● Work order:
Pull out of the data below the stretch of lines bounded by the one containing "x \<Longrightarrow> rel_anticomm" and the one containing "unfolding rel_vanish_1_iff rel_vanish_2_iff", both bounds included, unchanged.

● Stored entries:
· · · · ·

(* Let $N\ge 1$. Inside $S^{N-1}_{\mathbb R,+}$ the following equalities hold: $$S^{N-1}_{\mathbb R}\cap\bar S^{N-1}_{\mathbb R}=S^{N-1,0}_{\mathbb R},\qquad S^{N-1}_{\mathbb R}\cap\bar S^{N-1}_{\mathbb R,*}=S^{N-1,1}_{\mathbb R},$$ $$S^{N-1}_{\mathbb R,*}\cap\bar S^{N-1}_{\mathbb R}=\bar S^{N-1,1}_{\mathbb R},\qquad S^{N-1}_{\mathbb R,*}\cap\bar S^{N-1}_{\mathbb R,*}=S^{N-1,1}_{\mathbb R,*}.$$ Moreover one has the inclusions $S^{N-1,0}_{\mathbb R}\subset S^{N-1,1}_{\mathbb R}\subset S^{N-1}_{\mathbb R}$, $S^{N-1,0}_{\mathbb R}\subset\bar S^{N-1,1}_{\mathbb R}\subset\bar S^{N-1}_{\mathbb R}$, $\bar S^{N-1,1}_{\mathbb R}\subset S^{N-1,1}_{\mathbb R,*}\subset S^{N-1}_{\mathbb R,*}$, $S^{N-1,1}_{\mathbb R}\subset S^{N-1,1}_{\mathbb R,*}\subset\bar S^{N-1}_{\mathbb R,*}$, $\bar S^{N-1}_{\mathbb R}\subset\bar S^{N-1}_{\mathbb R,*}\subset S^{N-1}_{\mathbb R,+}$ and $S^{N-1}_{\mathbb R}\subset S^{N-1}_{\mathbb R,*}\subset S^{N-1}_{\mathbb R,+}$.
   Context: $C(S^{N-1}_{\mathbb R,+})$ denotes the universal $C^*$-algebra generated by self-adjoint elements $x_1,\dots,x_N$ subject to $\sum_i x_i^2=1$. A noncommutative subspace $X\subset S^{N-1}_{\mathbb R,+}$ is given by a quotient $C(X)$ of $C(S^{N-1}_{\mathbb R,+})$ by relations among the standard coordinates $x_i$; $X\subset Y$ means $C(X)$ is a quotient of $C(Y)$ compatibly with the $x_i$, and $X\cap Y$ is obtained by imposing both sets of relations. Subspheres: $S^{N-1}_{\mathbb R}$: $x_ix_j=x_jx_i$ for all $i,j$ (the usual sphere); $\bar S^{N-1}_{\mathbb R}$: $x_ix_j=-x_jx_i$ for all $i\ne j$; $S^{N-1}_{\mathbb R,*}$: $x_ix_jx_k=x_kx_jx_i$ for all $i,j,k$; $\bar S^{N-1}_{\mathbb R,*}$: $x_ix_jx_k=-x_kx_jx_i$ for $i,j,k$ pairwise distinct and $x_ix_jx_k=x_kx_jx_i$ otherwise. For $d\in\{1,\dots,N\}$, the polygonal versions $S^{N-1,d-1}_{\mathbb R}$, $\bar S^{N-1,d-1}_{\mathbb R}$, $S^{N-1,d-1}_{\mathbb R,*}$, $\bar S^{N-1,d-1}_{\mathbb R,*}$, $S^{N-1,d-1}_{\mathbb R,+}$ are obtained from $S^{N-1}_{\mathbb R}$, $\bar S^{N-1}_{\mathbb R}$, $S^{N-1}_{\mathbb R,*}$, $\bar S^{N-1}_{\mathbb R,*}$, $S^{N-1}_{\mathbb R,+}$ respectively by additionally imposing $x_{i_0}x_{i_1}\cdots x_{i_d}=0$ for all pairwise distinct $i_0,\dots,i_d$ (vacuous when $d=N$). *)

theory Defs
  imports Complex_Main
begin

text \<open>Unital C*-algebras, rendered as a predicate on the operations of a real Banach algebra
  type 'a: a complex scalar multiplication extending the real one, and an involution star.\<close>

definition cstar_algebra ::
  "(complex \<Rightarrow> 'a::{real_normed_algebra_1,banach} \<Rightarrow> 'a) \<Rightarrow> ('a \<Rightarrow> 'a) \<Rightarrow> bool" where
  "cstar_algebra scC star \<longleftrightarrow>
     (\<forall>r a. scC (complex_of_real r) a = scaleR r a) \<and>
     (\<forall>c d a. scC (c + d) a = scC c a + scC d a) \<and>
     (\<forall>c a b. scC c (a + b) = scC c a + scC c b) \<and>
     (\<forall>c d a. scC c (scC d a) = scC (c * d) a) \<and>
     (\<forall>c a b. scC c (a * b) = scC c a * b \<and> scC c (a * b) = a * scC c b) \<and>
     (\<forall>c a. norm (scC c a) = cmod c * norm a) \<and>
     (\<forall>a. star (star a) = a) \<and>
     (\<forall>a b. star (a + b) = star a + star b) \<and>
     (\<forall>c a. star (scC c a) = scC (cnj c) (star a)) \<and>
     (\<forall>a b. star (a * b) = star b * star a) \<and>
     (\<forall>a. norm (star a * a) = (norm a)\<^sup>2)"

definition sphere_plus :: "('a::ring_1 \<Rightarrow> 'a) \<Rightarrow> nat \<Rightarrow> (nat \<Rightarrow> 'a) \<Rightarrow> bool" where
  "sphere_plus star N x \<longleftrightarrow> (\<forall>i<N. star (x i) = x i) \<and> (\<Sum>i<N. x i * x i) = 1"

definition rel_comm :: "nat \<Rightarrow> (nat \<Rightarrow> 'a::ring_1) \<Rightarrow> bool" where
  "rel_comm N x \<longleftrightarrow> (\<forall>i<N. \<forall>j<N. x i * x j = x j * x i)"

definition rel_anticomm :: "nat \<Rightarrow> (nat \<Rightarrow> 'a::ring_1) \<Rightarrow> bool" where
  "rel_anticomm N x \<longleftrightarrow> (\<forall>i<N. \<forall>j<N. i \<noteq> j \<longrightarrow> x i * x j = - (x j * x i))"

definition rel_halfcomm :: "nat \<Rightarrow> (nat \<Rightarrow> 'a::ring_1) \<Rightarrow> bool" where
  "rel_halfcomm N x \<longleftrightarrow> (\<forall>i<N. \<forall>j<N. \<forall>k<N. x i * x j * x k = x k * x j * x i)"

definition rel_halfanti :: "nat \<Rightarrow> (nat \<Rightarrow> 'a::ring_1) \<Rightarrow> bool" where
  "rel_halfanti N x \<longleftrightarrow> (\<forall>i<N. \<forall>j<N. \<forall>k<N.
     (if i \<noteq> j \<and> j \<noteq> k \<and> i \<noteq> k then x i * x j * x k = - (x k * x j * x i)
      else x i * x j * x k = x k * x j * x i))"

definition rel_vanish :: "nat \<Rightarrow> nat \<Rightarrow> (nat \<Rightarrow> 'a::ring_1) \<Rightarrow> bool" where
  "rel_vanish N d x \<longleftrightarrow> (\<forall>f::nat \<Rightarrow> nat. (\<forall>m\<le>d. f m < N) \<and> inj_on f {0..d} \<longrightarrow>
       prod_list (map (\<lambda>m. x (f m)) [0..<Suc d]) = 0)"

definition S_R :: "nat \<Rightarrow> (nat \<Rightarrow> 'a::ring_1) \<Rightarrow> bool" where
  "S_R N x \<longleftrightarrow> rel_comm N x"
definition Sbar_R :: "nat \<Rightarrow> (nat \<Rightarrow> 'a::ring_1) \<Rightarrow> bool" where
  "Sbar_R N x \<longleftrightarrow> rel_anticomm N x"
definition S_Rstar :: "nat \<Rightarrow> (nat \<Rightarrow> 'a::ring_1) \<Rightarrow> bool" where
  "S_Rstar N x \<longleftrightarrow> rel_halfcomm N x"
definition Sbar_Rstar :: "nat \<Rightarrow> (nat \<Rightarrow> 'a::ring_1) \<Rightarrow> bool" where
  "Sbar_Rstar N x \<longleftrightarrow> rel_halfanti N x"

text \<open>Polygonal versions: the paper's S^{N-1,d-1} is written with parameter d.\<close>
definition S_R_poly :: "nat \<Rightarrow> nat \<Rightarrow> (nat \<Rightarrow> 'a::ring_1) \<Rightarrow> bool" where
  "S_R_poly N d x \<longleftrightarrow> rel_comm N x \<and> rel_vanish N d x"
definition Sbar_R_poly :: "nat \<Rightarrow> nat \<Rightarrow> (nat \<Rightarrow> 'a::ring_1) \<Rightarrow> bool" where
  "Sbar_R_poly N d x \<longleftrightarrow> rel_anticomm N x \<and> rel_vanish N d x"
definition S_Rstar_poly :: "nat \<Rightarrow> nat \<Rightarrow> (nat \<Rightarrow> 'a::ring_1) \<Rightarrow> bool" where
  "S_Rstar_poly N d x \<longleftrightarrow> rel_halfcomm N x \<and> rel_vanish N d x"

end

theory Submission
  imports Defs
begin

text \<open>Commutation together with
  anticommutation gives \<open>2 x\<^sub>i x\<^sub>j = 0\<close> for \<open>i \<noteq> j\<close>, and the two half-commutation rules together
  give \<open>2 x\<^sub>i x\<^sub>j x\<^sub>k = 0\<close> for distinct \<open>i, j, k\<close>. Conversely, once all products of three distinct
  coordinates vanish, the two half-commutation rules differ only on terms that are zero, so
  they coincide. Finally anticommutation implies the anti-half-commutation rule, since
  reversing a word of three distinct pairwise anticommuting letters takes three
  transpositions, while a letter anticommuting with another commutes with its square.\<close>

lemma equal_neg_zero_real_vector:
  fixes a :: "'a::real_vector"
  shows "a = - a \<longleftrightarrow> a = 0"
proof
  assume "a = - a"
  then have "scaleR 2 a = 0" by (metis add.right_inverse scaleR_2)
  then show "a = 0" by simp
qed simp

lemma anticommute_imp_commute_square:
  fixes a b :: "'a::ring_1"
  assumes "a * b = - (b * a)"
  shows "a * a * b = b * a * a"
  using assms by (metis mult.assoc mult_minus_left mult_minus_right minus_minus)

lemma anticommute_triple_reverse:
  fixes a b c :: "'a::ring_1"
  assumes "a * b = - (b * a)" and "a * c = - (c * a)" and "b * c = - (c * b)"
  shows "a * b * c = - (c * b * a)"
  using assms by (metis mult.assoc mult_minus_left mult_minus_right minus_minus)

lemma rel_vanish_iff_distinct_lists:
  "rel_vanish N d x \<longleftrightarrow>
     (\<forall>ks. length ks = Suc d \<and> distinct ks \<and> set ks \<subseteq> {..<N} \<longrightarrow> prod_list (map x ks) = 0)"
proof
  assume vanish: "rel_vanish N d x"
  show "\<forall>ks. length ks = Suc d \<and> distinct ks \<and> set ks \<subseteq> {..<N} \<longrightarrow>
      prod_list (map x ks) = 0"
  proof (intro allI impI)
    fix ks :: "nat list"
    assume ks: "length ks = Suc d \<and> distinct ks \<and> set ks \<subseteq> {..<N}"
    have "ks ! m < N" if "m \<le> d" for m
    proof -
      from that ks have "ks ! m \<in> set ks" by simp
      with ks show ?thesis by auto
    qed
    moreover have "inj_on ((!) ks) {0..d}"
      using ks by (simp add: inj_on_def nth_eq_iff_index_eq)
    ultimately have "prod_list (map (\<lambda>m. x (ks ! m)) [0..<Suc d]) = 0"
      using vanish unfolding rel_vanish_def by blast
    also have "map (\<lambda>m. x (ks ! m)) [0..<Suc d] = map x ks"
      using ks by (simp add: list_eq_iff_nth_eq del: upt_Suc)
    finally show "prod_list (map x ks) = 0" .
  qed
next
  assume lists: "\<forall>ks. length ks = Suc d \<and> distinct ks \<and> set ks \<subseteq> {..<N} \<longrightarrow>
      prod_list (map x ks) = 0"
  show "rel_vanish N d x"
    unfolding rel_vanish_def
  proof (intro allI impI)
    fix f :: "nat \<Rightarrow> nat"
    assume "(\<forall>m\<le>d. f m < N) \<and> inj_on f {0..d}"
    then have "length (map f [0..<Suc d]) = Suc d \<and> distinct (map f [0..<Suc d])
        \<and> set (map f [0..<Suc d]) \<subseteq> {..<N}"
      by (auto simp: distinct_map atLeastLessThanSuc_atLeastAtMost simp del: upt_Suc)
    with lists have "prod_list (map x (map f [0..<Suc d])) = 0"
      by blast
    then show "prod_list (map (\<lambda>m. x (f m)) [0..<Suc d]) = 0"
      by (simp add: comp_def del: upt_Suc)
  qed
qed

lemma rel_vanish_1_iff:
  "rel_vanish N 1 x \<longleftrightarrow> (\<forall>i<N. \<forall>j<N. i \<noteq> j \<longrightarrow> x i * x j = 0)"
  unfolding rel_vanish_iff_distinct_lists
proof (intro iffI allI impI)
  fix i j
  assume "\<forall>ks. length ks = Suc 1 \<and> distinct ks \<and> set ks \<subseteq> {..<N} \<longrightarrow>
      prod_list (map x ks) = 0"
    and "i < N" "j < N" "i \<noteq> j"
  then show "x i * x j = 0" by (auto dest: spec[of _ "[i, j]"])
qed (auto simp: length_Suc_conv)

lemma rel_vanish_2_iff:
  "rel_vanish N 2 x \<longleftrightarrow>
     (\<forall>i<N. \<forall>j<N. \<forall>k<N. i \<noteq> j \<and> j \<noteq> k \<and> i \<noteq> k \<longrightarrow> x i * x j * x k = 0)"
  unfolding rel_vanish_iff_distinct_lists
proof (intro iffI allI impI)
  fix i j k
  assume "\<forall>ks. length ks = Suc 2 \<and> distinct ks \<and> set ks \<subseteq> {..<N} \<longrightarrow>
      prod_list (map x ks) = 0"
    and "i < N" "j < N" "k < N" "i \<noteq> j \<and> j \<noteq> k \<and> i \<noteq> k"
  then show "x i * x j * x k = 0" by (auto simp: mult.assoc dest: spec[of _ "[i, j, k]"])
qed (auto simp: length_Suc_conv numeral_2_eq_2 mult.assoc)

lemma rel_comm_imp_halfcomm:
  fixes x :: "nat \<Rightarrow> 'a::ring_1"
  assumes "rel_comm N x"
  shows "rel_halfcomm N x"
  unfolding rel_halfcomm_def
proof (intro allI impI)
  fix i j k assume "i < N" "j < N" "k < N"
  with assms have "x i * x j = x j * x i" "x i * x k = x k * x i" "x j * x k = x k * x j"
    unfolding rel_comm_def by blast+
  then show "x i * x j * x k = x k * x j * x i"
    by (metis mult.assoc)
qed

lemma rel_anticomm_imp_halfanti:
  fixes x :: "nat \<Rightarrow> 'a::ring_1"
  assumes "rel_anticomm N x"
  shows "rel_halfanti N x"
  unfolding rel_halfanti_def
proof (intro allI impI)
  fix i j k assume "i < N" "j < N" "k < N"
  with assms have anti: "x p * x q = - (x q * x p)"
    if "p \<in> {i, j, k}" "q \<in> {i, j, k}" "p \<noteq> q" for p q
    using that unfolding rel_anticomm_def by blast
  consider "i \<noteq> j \<and> j \<noteq> k \<and> i \<noteq> k" | "i = k" | "i = j" "i \<noteq> k" | "j = k" "i \<noteq> k"
    by blast
  then show "if i \<noteq> j \<and> j \<noteq> k \<and> i \<noteq> k then x i * x j * x k = - (x k * x j * x i)
      else x i * x j * x k = x k * x j * x i"
  proof cases
    case 1
    then show ?thesis
      using anticommute_triple_reverse[OF anti[of i j] anti[of i k] anti[of j k]] by simp
  next
    case 3
    then show ?thesis
      using anticommute_imp_commute_square[OF anti[of i k]] by simp
  next
    case 4
    then show ?thesis
      using anticommute_imp_commute_square[OF anti[of k i]] by simp
  qed simp
qed

lemma rel_vanish_1_imp_anticomm:
  "rel_vanish N 1 x \<Longrightarrow> rel_anticomm N x"
  unfolding rel_vanish_1_iff rel_anticomm_def by simp

lemma rel_vanish_1_imp_vanish_2:
  "rel_vanish N 1 x \<Longrightarrow> rel_vanish N 2 x"
  unfolding rel_vanish_1_iff rel_vanish_2_iff by simp

lemma rel_vanish_2_imp_halfcomm_iff_halfanti:
  assumes "rel_vanish N 2 x"
  shows "rel_halfcomm N x \<longleftrightarrow> rel_halfanti N x"
proof -
  have "(if i \<noteq> j \<and> j \<noteq> k \<and> i \<noteq> k then x i * x j * x k = - (x k * x j * x i)
      else x i * x j * x k = x k * x j * x i) \<longleftrightarrow> x i * x j * x k = x k * x j * x i"
    if "i < N" "j < N" "k < N" for i j k
  proof (cases "i \<noteq> j \<and> j \<noteq> k \<and> i \<noteq> k")
    case True
    with assms that have "x i * x j * x k = 0" "x k * x j * x i = 0"
      unfolding rel_vanish_2_iff by blast+
    then show ?thesis by simp
  qed auto
  then show ?thesis
    unfolding rel_halfcomm_def rel_halfanti_def by blast
qed

lemma rel_comm_anticomm_imp_vanish_1:
  fixes x :: "nat \<Rightarrow> 'a::real_algebra_1"
  assumes "rel_comm N x" and "rel_anticomm N x"
  shows "rel_vanish N 1 x"
  unfolding rel_vanish_1_iff
proof (intro allI impI)
  fix i j assume "i < N" "j < N" "i \<noteq> j"
  with assms have "x i * x j = x j * x i" and "x i * x j = - (x j * x i)"
    unfolding rel_comm_def rel_anticomm_def by blast+
  then show "x i * x j = 0"
    using equal_neg_zero_real_vector[of "x i * x j"] by simp
qed

lemma rel_halfcomm_halfanti_imp_vanish_2:
  fixes x :: "nat \<Rightarrow> 'a::real_algebra_1"
  assumes "rel_halfcomm N x" and "rel_halfanti N x"
  shows "rel_vanish N 2 x"
  unfolding rel_vanish_2_iff
proof (intro allI impI)
  fix i j k assume "i < N" "j < N" "k < N" "i \<noteq> j \<and> j \<noteq> k \<and> i \<noteq> k"
  with assms have "x i * x j * x k = x k * x j * x i"
    and "x i * x j * x k = - (x k * x j * x i)"
    unfolding rel_halfcomm_def rel_halfanti_def by (blast, metis)
  then show "x i * x j * x k = 0"
    using equal_neg_zero_real_vector[of "x i * x j * x k"] by simp
qed

theorem proposition1p2:
  fixes scC :: "complex \<Rightarrow> 'a::{real_normed_algebra_1,banach} \<Rightarrow> 'a"
    and star :: "'a \<Rightarrow> 'a"
    and N :: nat
  assumes "N \<ge> 1"
    and "cstar_algebra scC star"
  shows
    "\<forall>x. sphere_plus star N x \<longrightarrow>
       ((S_R N x \<and> Sbar_R N x) \<longleftrightarrow> S_R_poly N 1 x) \<and>
       ((S_R N x \<and> Sbar_Rstar N x) \<longleftrightarrow> S_R_poly N 2 x) \<and>
       ((S_Rstar N x \<and> Sbar_R N x) \<longleftrightarrow> Sbar_R_poly N 2 x) \<and>
       ((S_Rstar N x \<and> Sbar_Rstar N x) \<longleftrightarrow> S_Rstar_poly N 2 x) \<and>
       (S_R_poly N 1 x \<longrightarrow> S_R_poly N 2 x) \<and> (S_R_poly N 2 x \<longrightarrow> S_R N x) \<and>
       (S_R_poly N 1 x \<longrightarrow> Sbar_R_poly N 2 x) \<and> (Sbar_R_poly N 2 x \<longrightarrow> Sbar_R N x) \<and>
       (Sbar_R_poly N 2 x \<longrightarrow> S_Rstar_poly N 2 x) \<and> (S_Rstar_poly N 2 x \<longrightarrow> S_Rstar N x) \<and>
       (S_R_poly N 2 x \<longrightarrow> S_Rstar_poly N 2 x) \<and> (S_Rstar_poly N 2 x \<longrightarrow> Sbar_Rstar N x) \<and>
       (Sbar_R N x \<longrightarrow> Sbar_Rstar N x) \<and> (S_R N x \<longrightarrow> S_Rstar N x)"
  unfolding S_R_def Sbar_R_def S_Rstar_def Sbar_Rstar_def
    S_R_poly_def Sbar_R_poly_def S_Rstar_poly_def
  by (intro allI impI)
    (meson rel_comm_imp_halfcomm rel_anticomm_imp_halfanti
      rel_vanish_1_imp_anticomm rel_vanish_1_imp_vanish_2
      rel_vanish_2_imp_halfcomm_iff_halfanti
      rel_comm_anticomm_imp_vanish_1 rel_halfcomm_halfanti_imp_vanish_2)

end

· · · · ·

● Result for this exercise:
  "rel_vanish N 1 x \<Longrightarrow> rel_anticomm N x"
  unfolding rel_vanish_1_iff rel_anticomm_def by simp

lemma rel_vanish_1_imp_vanish_2:
  "rel_vanish N 1 x \<Longrightarrow> rel_vanish N 2 x"
  unfolding rel_vanish_1_iff rel_vanish_2_iff by simp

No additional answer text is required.